Magnetic materials fall generally into two categories: hard magnetic materials (that may be permanently magnetized) and soft magnetic materials (whose magnetization can be reversed). Iron-based magnetic (ferromagnetic) powders are often used as a component in soft magnetic materials.
Magnetic permeability and core loss are important characterizing properties of soft magnetic materials. Magnetic permeability measures the ease with which a magnetic substance may be magnetized and indicates the ability of the material to carry magnetic flux. Core loss measures the energy loss when a magnetic device is exposed to a time varying field. Core loss can be divided into two main categories: hysteresis loss and eddy current loss. Hysteresis loss measures the energy needed to overcome the retained magnetic forces in the magnetic core. Eddy current loss results from the flow of electric currents within the magnetic core induced by the changing magnetic flux.
Many electromagnetic devices contain a soft magnetic material made from laminated structures. Laminated structures typically comprise stacked thin sheets which are oriented parallel to the expected magnetic field. The sheets may often be coated to provide insulation and prevent current from circulating between the sheets. Unfortunately, the thicker this insulation layer, the lower the laminate stacking factor will be. And low stacking factors can result in reduced average magnetic permeability in the structure. As well, fabricating three-dimensional articles using laminated structures can be expensive and complex. Further, laminated structures experience large core losses at higher frequencies and can be acoustically noisy as the laminated sheets often vibrate.
Sintered or coated ferromagnetic powders have been proposed as an alternative for laminated structures in magnetic devices (or articles). These ferromagnetic powders generally allow greater variation in the geometry and avoid the manufacturing burdens resulting from laminated structures. However, articles made with sintered ferromagnetic powders exhibit high core losses and typically have restricted end-uses. Using coated ferromagnetic powders in articles, however, is a more viable alternative. The coating provides an electrical insulation for the individual ferromagnetic particles and can reduce eddy current losses. The coating can also serve as a binder or a molding lubricant in certain instances.

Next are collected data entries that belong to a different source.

text \<open>The octahedron is counted through two pyramids over the square layers z \<ge> 0 and z < 0;
  in the coordinates u = (x + y - |z|)/2, v = u - y, w = a - |z| each pyramid becomes a
  staircase of nested squares.\<close>

definition staircase :: "int \<Rightarrow> pt set" where
  "staircase a = {(u, v, w). 0 \<le> u \<and> u \<le> w \<and> 0 \<le> v \<and> v \<le> w \<and> w \<le> a}"

lemma finite_staircase: "finite (staircase a)"
  by (rule finite_subset[of _ "{0..a} \<times> {0..a} \<times> {0..a}"]) (auto simp: staircase_def)

lemma card_staircase: "6 * int (card (staircase (int m))) = (int m + 1) * (int m + 2) * (2 * int m + 3)"
proof (induction m)
  case 0
  have "staircase 0 = {(0, 0, 0)}" by (auto simp: staircase_def)
  then show ?case by simp
next
  case (Suc m)
  let ?layer = "{0..int m + 1} \<times> {0..int m + 1} \<times> {int m + 1}"
  have "staircase (int (Suc m)) = staircase (int m) \<union> ?layer"
    by (auto simp: staircase_def)
  moreover have "staircase (int m) \<inter> ?layer = {}"
    by (auto simp: staircase_def)
  ultimately have "card (staircase (int (Suc m))) = card (staircase (int m)) + card ?layer"
    by (simp add: card_Un_disjoint finite_staircase)
  moreover have "int (card ?layer) = (int m + 2) * (int m + 2)"
    by (simp add: card_cartesian_product add.commute)
  ultimately show ?case
    using Suc.IH by (simp add: algebra_simps)
qed

fun upper_half :: "int \<Rightarrow> pt \<Rightarrow> pt" where
  "upper_half a (u, v, w) = (u + v + a - w, u - v, a - w)"

fun lower_half :: "int \<Rightarrow> pt \<Rightarrow> pt" where
  "lower_half a (u, v, w) = (u + v + a - w, u - v, w - a)"

lemma oct_decomp: "oct a = upper_half a ` staircase a \<union> lower_half a ` staircase (a - 1)"
proof
  show "upper_half a ` staircase a \<union> lower_half a ` staircase (a - 1) \<subseteq> oct a"
    unfolding staircase_def oct_def by (auto; arith)
  show "oct a \<subseteq> upper_half a ` staircase a \<union> lower_half a ` staircase (a - 1)"
  proof
    fix p assume "p \<in> oct a"
    then obtain x y z where p: "p = (x, y, z)" and inside: "\<bar>x - a\<bar> + \<bar>y\<bar> + \<bar>z\<bar> \<le> a"
      and even: "even (x + y + z)"
      unfolding oct_def by auto
    show "p \<in> upper_half a ` staircase a \<union> lower_half a ` staircase (a - 1)"
    proof (cases "z \<ge> 0")
      case True
      have "even (x + y - z)" using even by (simp add: even_add)
      then obtain u where u: "x + y - z = 2 * u" by (metis evenE)
      have "(u, u - y, a - z) \<in> staircase a"
        using inside True u by (auto simp: staircase_def; arith)
      moreover have "upper_half a (u, u - y, a - z) = p"
        using u by (simp add: p)
      ultimately show ?thesis by (metis UnI1 image_eqI)
    next
      case False
      from even obtain u where u: "x + y + z = 2 * u" by (metis evenE)
      have "(u, u - y, a + z) \<in> staircase (a - 1)"
        using inside False u by (auto simp: staircase_def; arith)
      moreover have "lower_half a (u, u - y, a + z) = p"
        using u by (simp add: p)
      ultimately show ?thesis by (metis UnI2 image_eqI)
    qed
  qed
qed

lemma finite_oct: "finite (oct a)"
  by (simp add: oct_decomp finite_staircase)

lemma card_oct:
  assumes "a \<ge> 0"
  shows "3 * int (card (oct a)) = (a + 1) * (2 * (a + 1)\<^sup>2 + 1)"
proof -
  have "inj_on (upper_half a) (staircase a)" "inj_on (lower_half a) (staircase (a - 1))"
    by (auto simp: inj_on_def staircase_def)
  moreover have "upper_half a ` staircase a \<inter> lower_half a ` staircase (a - 1) = {}"
    by (auto simp: staircase_def)
  ultimately have "card (oct a) = card (staircase a) + card (staircase (a - 1))"
    by (simp add: oct_decomp card_Un_disjoint finite_staircase card_image)
  moreover have "6 * int (card (staircase a)) = (a + 1) * (a + 2) * (2 * a + 3)"
    using card_staircase[of "nat a"] assms by simp
  moreover have "6 * int (card (staircase (a - 1))) = a * (a + 1) * (2 * a + 1)"
  proof (cases "a = 0")
    case True
    then have "staircase (a - 1) = {}" by (auto simp: staircase_def)
    then show ?thesis using True by simp
  next
    case False
    then show ?thesis
      using card_staircase[of "nat (a - 1)"] assms by (simp add: algebra_simps)
  qed
  ultimately show ?thesis
    by (simp add: algebra_simps power2_eq_square)
qed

Various methods have been used to make magnetic articles containing coated ferromagnetic powders, including different types of coating materials and coating methods. Inorganic coating materials such as iron phosphate, iron chromate, iron oxides and boron nitride have been used. Similarly, organic coating materials have been used. Double-coated ferromagnetic powders have also been used. Polymeric materials such as polyamides, polyimides and polysulfones have been used as one coating material for ferromagnetic powders. The polymeric coating not only insulates the powder particles from one another, but also can help bind the particles together during compaction when making the magnetic article.
The magnetic properties of magnetic articles containing polymeric-coated ferromagnetic materials, however, do not allow widespread use of these materials. In particular, these materials suffer from low temperature properties of polymers that limit the high temperature annealing process that can be carried out. Instead, low-temperature annealing processes must be used that are not able to remove the cold work resulting from compaction fully, adversely affecting the permeability and losses of the magnetic articles.